[Geany] "Replace All" button order

Daniel Richard G. skunk at xxxxx
Sat Jan 17 19:56:11 UTC 2009


On Sat, 2009 Jan 17 16:33:11 +0100, Enrico Tröger wrote:
> 
> I wrote this in another mail in this thread, one/the reason for the
> arrow was to simplify the dialog.
> But based on the feedback in this thread, we will remove it.

Placing a "Replace All" GtkFrame around them might address potential user 
confusion... grouping the buttons together in the same way that the arrow 
currently does, but without hiding anything.

Alternately, just to toss in another idea, NEdit uses a label at the left 
such that the button labels complete a sentence. Something like

	Replace all in: [Session] [Document] [Selection]

(Which would nicely eliminate the redundant "In" preposition on each of the 
buttons.)

> >-3- I would add a "replace all in current scope" function that I dream
> >of for years already ;-) where 'scope' means closest nesting func,
> >class, or whatever.
> 
> Hmm, not sure. Could be done but adds yet another button, yet another
> thing you need to sort out when you do a quick search/replace.
> (this is not a 'no', just a 'I won't work on it')
> 
> >-4-This button and "in selection" should be invalid (greyed) whenever
> >there is no 'scope' (module toplevel, meaning "in scope" = "in doc")
> >or there is no selection.
> 
> Yes, this is a good idea (at least for selection).

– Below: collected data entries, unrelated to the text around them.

(* Let $k, m, s$ be positive integers with $m \geq 2$ and $s \leq k-2$, let $n = km$, let $B_1,\ldots,B_m$ be a partition of $[n]$ into blocks with $|B_i| = k$, choose $T_i \subset B_i$ with $|T_i| = s$ for each $i$, put $T = \bigcup_{i=1}^m T_i$, and let $\mathcal{F}$ be the union-closed family generated by $\{B_i \cup \{t\} : i \in [m],\ t \in T\}$. Then every member of $\mathcal{F}$ contains at least one block, and for each $j \in [m]$ the number $N_j$ of members of $\mathcal{F}$ containing exactly $j$ of the blocks $B_1,\ldots,B_m$ is $N_j = \binom{m}{j} 2^{(m-j)s}$; consequently $$|\mathcal{F}| = 2^{(m-1)s}\sum_{j=1}^m \binom{m}{j} 2^{-(j-1)s}.$$
   Context: $[n] = \{1,\ldots,n\}$. A family of sets is union-closed if it contains the union of any two of its members. The union-closed family generated by $\mathcal{G} \subset \mathcal{P}(X)$ is the smallest union-closed family of subsets of $X$ containing $\mathcal{G}$. *)

theory Defs
  imports Complex_Main
begin

definition union_closed :: "'a set set \<Rightarrow> bool" where
  "union_closed F \<longleftrightarrow> (\<forall>A\<in>F. \<forall>B\<in>F. A \<union> B \<in> F)"

definition uc_generated :: "'a set \<Rightarrow> 'a set set \<Rightarrow> 'a set set" where
  "uc_generated X G = \<Inter>{F. F \<subseteq> Pow X \<and> G \<subseteq> F \<and> union_closed F}"

end

theory Submission
  imports Defs
begin
text \<open>The cubic is \<open>Q\<^sub>k'/k\<close>. The quadratics \<open>r0, r1, r2\<close> are \<open>16 Q\<^sub>k\<close>, \<open>4x r0\<close> and \<open>4x r1\<close>
  reduced modulo the cubic; eliminating \<open>1, x, x\<^sup>2\<close> among them leaves the resultant.\<close>

lemma common_root_imp_alex_resultant_eq_0:
  fixes x :: "'a::{idom, ring_char_0}"
  assumes q: "alex_quartic k x = 0" and d: "4*x^3 - 9*x^2 + 2*x + 2 = 0"
  shows "20*k^3 - 152*k^2 + 133*k + 256 = 0"
proof -
  define K :: 'a where "K = of_int k"
  define r0 where "r0 = 16 + 6*K + 30*K*x - 19*K*x^2"
  define r1 where "r1 = 38*K + (64 + 62*K)*x - 51*K*x^2"
  define r2 where "r2 = 102*K + 254*K*x + (256 - 211*K)*x^2"
  have "16 * alex_quartic k x = (4*K*x - 3*K) * (4*x^3 - 9*x^2 + 2*x + 2) + r0"
    unfolding r0_def K_def alex_quartic_def alex_core_def by algebra
  hence h0: "r0 = 0" using q d by simp
  have "4*x*r0 = -19*K*(4*x^3 - 9*x^2 + 2*x + 2) + r1"
    unfolding r0_def r1_def by algebra
  hence h1: "r1 = 0" using h0 d by simp
  have "4*x*r1 = -51*K*(4*x^3 - 9*x^2 + 2*x + 2) + r2"
    unfolding r1_def r2_def by algebra
  hence h2: "r2 = 0" using h1 d by simp
  have "(16384 + 2368*K - 128*K^2)*r0 + (-7680*K + 1504*K^2)*r1 + (1216*K - 352*K^2)*r2
      = 1024 * of_int (20*k^3 - 152*k^2 + 133*k + 256)"
    unfolding r0_def r1_def r2_def K_def by simp algebra
  hence "1024 * (of_int (20*k^3 - 152*k^2 + 133*k + 256) :: 'a) = 0"
    using h0 h1 h2 by simp
  thus ?thesis by (metis mult_eq_0_iff of_int_eq_0_iff zero_neq_numeral)
qed
(* Let $(\mathcal{E},\mathcal{M})$ be a stable orthogonal factorization system on a category $\mathcal{D}$ with pullbacks, and let $\mathcal{A}$ be a category with a terminal object $1$. Let $(\mathcal{E}',\mathcal{M}')$ be the factorization system on $[\mathcal{A},\mathcal{D}]$ where $\mathcal{E}'$ consists of the natural transformations $e$ with $e_1\in\mathcal{E}$ and $\mathcal{M}'$ consists of the cartesian natural transformations $m$ with $m_1\in\mathcal{M}$. Then $(\mathcal{E}',\mathcal{M}')$ and the componentwise lifting of $(\mathcal{E},\mathcal{M})$ to $[\mathcal{A},\mathcal{D}]$ both restrict to the same factorization system on $\mathrm{CartNt}[\mathcal{A},\mathcal{D}]$, the category of all functors $\mathcal{A}\to\mathcal{D}$ and cartesian natural transformations.
   Context: An orthogonal factorization system $(\mathcal{E},\mathcal{M})$: both classes contain all isomorphisms and are closed under composition; each commuting square $g\circ e = m\circ f$ with $e\in\mathcal{E}$, $m\in\mathcal{M}$ has a unique diagonal; every morphism factors as $m\circ e$ with $e\in\mathcal{E}$, $m\in\mathcal{M}$. It is stable if $\mathcal{E}$ is closed under pullback along arbitrary morphisms. A natural transformation is cartesian if all its naturality squares are pullbacks. The componentwise lifting consists of the natural transformations all of whose components lie in $\mathcal{E}$, respectively in $\mathcal{M}$. Restricting a factorization system to $\mathrm{CartNt}[\mathcal{A},\mathcal{D}]$ means intersecting both classes with the cartesian natural transformations. *)

theory Defs
  imports Main
begin

record ('o,'a) cat =
  Obj :: "'o set"
  Arr :: "'a set"
  Dom :: "'a \<Rightarrow> 'o"
  Cod :: "'a \<Rightarrow> 'o"
  Id  :: "'o \<Rightarrow> 'a"
  Comp :: "'a \<Rightarrow> 'a \<Rightarrow> 'a"   (* Comp C g f = g \<circ> f *)

definition hom :: "('o,'a,'z) cat_scheme \<Rightarrow> 'o \<Rightarrow> 'o \<Rightarrow> 'a set" where
  "hom C x y = {f \<in> Arr C. Dom C f = x \<and> Cod C f = y}"

definition category :: "('o,'a,'z) cat_scheme \<Rightarrow> bool" where
  "category C \<longleftrightarrow>
     (\<forall>f\<in>Arr C. Dom C f \<in> Obj C \<and> Cod C f \<in> Obj C) \<and>
     (\<forall>x\<in>Obj C. Id C x \<in> hom C x x) \<and>
     (\<forall>f\<in>Arr C. \<forall>g\<in>Arr C. Cod C f = Dom C g \<longrightarrow>
         Comp C g f \<in> hom C (Dom C f) (Cod C g)) \<and>
     (\<forall>f\<in>Arr C. Comp C f (Id C (Dom C f)) = f \<and> Comp C (Id C (Cod C f)) f = f) \<and>
     (\<forall>f\<in>Arr C. \<forall>g\<in>Arr C. \<forall>h\<in>Arr C. Cod C f = Dom C g \<and> Cod C g = Dom C h \<longrightarrow>
         Comp C h (Comp C g f) = Comp C (Comp C h g) f)"

definition iso :: "('o,'a,'z) cat_scheme \<Rightarrow> 'a \<Rightarrow> bool" where
  "iso C f \<longleftrightarrow> f \<in> Arr C \<and>
     (\<exists>g\<in>hom C (Cod C f) (Dom C f). Comp C g f = Id C (Dom C f) \<and> Comp C f g = Id C (Cod C f))"

definition terminal :: "('o,'a,'z) cat_scheme \<Rightarrow> 'o \<Rightarrow> bool" where
  "terminal C t \<longleftrightarrow> t \<in> Obj C \<and> (\<forall>x\<in>Obj C. \<exists>!f. f \<in> hom C x t)"

definition is_pullback :: "('o,'a,'z) cat_scheme \<Rightarrow> 'a \<Rightarrow> 'a \<Rightarrow> 'a \<Rightarrow> 'a \<Rightarrow> bool" where
  "is_pullback C f g p1 p2 \<longleftrightarrow>
     f \<in> Arr C \<and> g \<in> Arr C \<and> p1 \<in> Arr C \<and> p2 \<in> Arr C \<and>
     Cod C f = Cod C g \<and> Dom C p1 = Dom C p2 \<and> Cod C p1 = Dom C f \<and> Cod C p2 = Dom C g \<and>
     Comp C f p1 = Comp C g p2 \<and>
     (\<forall>q1\<in>Arr C. \<forall>q2\<in>Arr C.
        Dom C q1 = Dom C q2 \<and> Cod C q1 = Dom C f \<and> Cod C q2 = Dom C g \<and>
        Comp C f q1 = Comp C g q2 \<longrightarrow>
        (\<exists>!h. h \<in> hom C (Dom C q1) (Dom C p1) \<and> Comp C p1 h = q1 \<and> Comp C p2 h = q2))"

definition has_pullbacks :: "('o,'a,'z) cat_scheme \<Rightarrow> bool" where
  "has_pullbacks C \<longleftrightarrow> (\<forall>f\<in>Arr C. \<forall>g\<in>Arr C. Cod C f = Cod C g \<longrightarrow>
     (\<exists>p1 p2. is_pullback C f g p1 p2))"

definition ofs :: "('o,'a,'z) cat_scheme \<Rightarrow> 'a set \<Rightarrow> 'a set \<Rightarrow> bool" where
  "ofs C E M \<longleftrightarrow>
     E \<subseteq> Arr C \<and> M \<subseteq> Arr C \<and>
     (\<forall>f. iso C f \<longrightarrow> f \<in> E \<and> f \<in> M) \<and>
     (\<forall>f\<in>E. \<forall>g\<in>E. Cod C f = Dom C g \<longrightarrow> Comp C g f \<in> E) \<and>
     (\<forall>f\<in>M. \<forall>g\<in>M. Cod C f = Dom C g \<longrightarrow> Comp C g f \<in> M) \<and>
     (\<forall>e\<in>E. \<forall>m\<in>M. \<forall>f\<in>hom C (Dom C e) (Dom C m). \<forall>g\<in>hom C (Cod C e) (Cod C m).
        Comp C g e = Comp C m f \<longrightarrow>
        (\<exists>!d. d \<in> hom C (Cod C e) (Dom C m) \<and> Comp C d e = f \<and> Comp C m d = g)) \<and>
     (\<forall>h\<in>Arr C. \<exists>e\<in>E. \<exists>m\<in>M. Cod C e = Dom C m \<and> Comp C m e = h)"

definition stable_ofs :: "('o,'a,'z) cat_scheme \<Rightarrow> 'a set \<Rightarrow> 'a set \<Rightarrow> bool" where
  "stable_ofs C E M \<longleftrightarrow> ofs C E M \<and>
     (\<forall>f g p1 p2. is_pullback C f g p1 p2 \<and> f \<in> E \<longrightarrow> p2 \<in> E)"

record ('p,'b,'o,'a) fnctr =
  Fob :: "'p \<Rightarrow> 'o"
  Far :: "'b \<Rightarrow> 'a"

definition is_functor :: "('p,'b,'y) cat_scheme \<Rightarrow> ('o,'a,'z) cat_scheme \<Rightarrow> ('p,'b,'o,'a) fnctr \<Rightarrow> bool" where
  "is_functor A D F \<longleftrightarrow>
     (\<forall>x\<in>Obj A. Fob F x \<in> Obj D) \<and>
     (\<forall>u\<in>Arr A. Far F u \<in> hom D (Fob F (Dom A u)) (Fob F (Cod A u))) \<and>
     (\<forall>x\<in>Obj A. Far F (Id A x) = Id D (Fob F x)) \<and>
     (\<forall>u\<in>Arr A. \<forall>v\<in>Arr A. Cod A u = Dom A v \<longrightarrow> Far F (Comp A v u) = Comp D (Far F v) (Far F u)) \<and>
     (\<forall>x. x \<notin> Obj A \<longrightarrow> Fob F x = undefined) \<and>
     (\<forall>u. u \<notin> Arr A \<longrightarrow> Far F u = undefined)"

record ('p,'b,'o,'a) ntrans =
  NTdom :: "('p,'b,'o,'a) fnctr"
  NTcod :: "('p,'b,'o,'a) fnctr"
  NTmap :: "'p \<Rightarrow> 'a"

definition is_ntrans :: "('p,'b,'y) cat_scheme \<Rightarrow> ('o,'a,'z) cat_scheme \<Rightarrow> ('p,'b,'o,'a) ntrans \<Rightarrow> bool" where
  "is_ntrans A D \<alpha> \<longleftrightarrow>
     is_functor A D (NTdom \<alpha>) \<and> is_functor A D (NTcod \<alpha>) \<and>
     (\<forall>x\<in>Obj A. NTmap \<alpha> x \<in> hom D (Fob (NTdom \<alpha>) x) (Fob (NTcod \<alpha>) x)) \<and>
     (\<forall>u\<in>Arr A. Comp D (Far (NTcod \<alpha>) u) (NTmap \<alpha> (Dom A u))
                = Comp D (NTmap \<alpha> (Cod A u)) (Far (NTdom \<alpha>) u)) \<and>
     (\<forall>x. x \<notin> Obj A \<longrightarrow> NTmap \<alpha> x = undefined)"

definition functor_cat :: "('p,'b,'y) cat_scheme \<Rightarrow> ('o,'a,'z) cat_scheme \<Rightarrow>
    (('p,'b,'o,'a) fnctr, ('p,'b,'o,'a) ntrans) cat" where
  "functor_cat A D = \<lparr>
     Obj = {F. is_functor A D F},
     Arr = {\<alpha>. is_ntrans A D \<alpha>},
     Dom = NTdom,
     Cod = NTcod,
     Id = (\<lambda>F. \<lparr>NTdom = F, NTcod = F,
                NTmap = (\<lambda>x. if x \<in> Obj A then Id D (Fob F x) else undefined)\<rparr>),
     Comp = (\<lambda>\<beta> \<alpha>. \<lparr>NTdom = NTdom \<alpha>, NTcod = NTcod \<beta>,
                NTmap = (\<lambda>x. if x \<in> Obj A then Comp D (NTmap \<beta> x) (NTmap \<alpha> x) else undefined)\<rparr>) \<rparr>"

definition cartesian :: "('p,'b,'y) cat_scheme \<Rightarrow> ('o,'a,'z) cat_scheme \<Rightarrow> ('p,'b,'o,'a) ntrans \<Rightarrow> bool" where
  "cartesian A D \<alpha> \<longleftrightarrow> is_ntrans A D \<alpha> \<and>
     (\<forall>u\<in>Arr A. is_pullback D (Far (NTcod \<alpha>) u) (NTmap \<alpha> (Cod A u))
                                (NTmap \<alpha> (Dom A u)) (Far (NTdom \<alpha>) u))"

definition CartNt :: "('p,'b,'y) cat_scheme \<Rightarrow> ('o,'a,'z) cat_scheme \<Rightarrow>
    (('p,'b,'o,'a) fnctr, ('p,'b,'o,'a) ntrans) cat" where
  "CartNt A D = (functor_cat A D)\<lparr>Arr := {\<alpha>. cartesian A D \<alpha>}\<rparr>"

definition componentwise :: "('p,'b,'y) cat_scheme \<Rightarrow> ('o,'a,'z) cat_scheme \<Rightarrow> 'a set \<Rightarrow>
    ('p,'b,'o,'a) ntrans set" where
  "componentwise A D K = {\<alpha>. is_ntrans A D \<alpha> \<and> (\<forall>x\<in>Obj A. NTmap \<alpha> x \<in> K)}"

end

theory Submission
  imports Defs
begin

text \<open>
  If \<open>\<alpha>\<close> is cartesian, its naturality square along the unique arrow \<open>x \<rightarrow> 1\<close> is a pullback,
  so every component \<open>\<alpha>\<^sub>x\<close> is a pullback of \<open>\<alpha>\<^sub>1\<close>. Since \<open>E\<close> (by stability) and \<open>M\<close>
  (always) are stable under pullback, on cartesian transformations the conditions
  \<open>\<alpha>\<^sub>1 \<in> E\<close> and \<open>\<forall>x. \<alpha>\<^sub>x \<in> E\<close> agree, and likewise for \<open>M\<close>.

  It remains to see that the componentwise classes form a factorization system on
  \<open>CartNt[A,D]\<close>. Composites of cartesian transformations are cartesian by pasting pullbacks.
  Componentwise diagonals are natural by uniqueness of diagonals, and a diagonal \<open>d\<close> with
  \<open>m \<circ> d\<close> and \<open>m\<close> cartesian is cartesian by cancelling pullbacks. To factor a cartesian
  \<open>\<phi> : F \<rightarrow> K\<close>, factor \<open>\<phi>\<^sub>1 = m\<^sub>0 \<circ> e\<^sub>0\<close> through \<open>I\<close> and let \<open>H x\<close> be the pullback of \<open>m\<^sub>0\<close>
  along \<open>K (x \<rightarrow> 1)\<close>: the projections \<open>H \<rightarrow> K\<close> form a cartesian transformation with components
  in \<open>M\<close>, and the induced \<open>F \<rightarrow> H\<close> is cartesian by cancellation, with components that are
  pullbacks of \<open>e\<^sub>0\<close>, hence in \<open>E\<close>.
\<close>

notation Comp (infixr \<open>\<cdot>\<index>\<close> 55)

section \<open>Categories and pullbacks\<close>

locale in_category =
  fixes C :: "('o,'a,'z) cat_scheme" (structure)
  assumes category: "category C"
begin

Agree on greying out "In Selection" when there is no selection. "In Scope" 
sounds interesting, but I think it would be too complicated practically to 
be added alongside the other find/replace modes. My misgivings:

1. Would it work reliably/predictably, even in cases of complex C++ code 
   and the like?

2. What, exactly, does "scope" mean? Body of the current function/method? 
   (Would it include the signature line, so you can find/replace the formal 
   parameters too?) What about just the current curly-brace block, which 
   would also have a claim to the term "scope?" Or the current class? Would 
   there be a preference to decide between these, or would it be something 
   set by the language syntax driver?

> >-6- I'd love an '\i' code working in both the search & replace fields,
> >that would mean 'indent' & match the user specified value for one
> >level of indentation in preferences (that is n spaces or one tab).
> 
> Use regular expressions like "^[ \t] .*" or something similar, I
> usually fail to construct untested regexps :).

Yeah, for cases like this I'd do e.g. s/^(\s*)foobaz/\1barqux/. There might 
be some value to \i if you're changing indent levels, but Geany already has 
such an excellent keybinding for this (Tab or Shift-Tab with a selection) 
that I would say a new regex escape is not needed.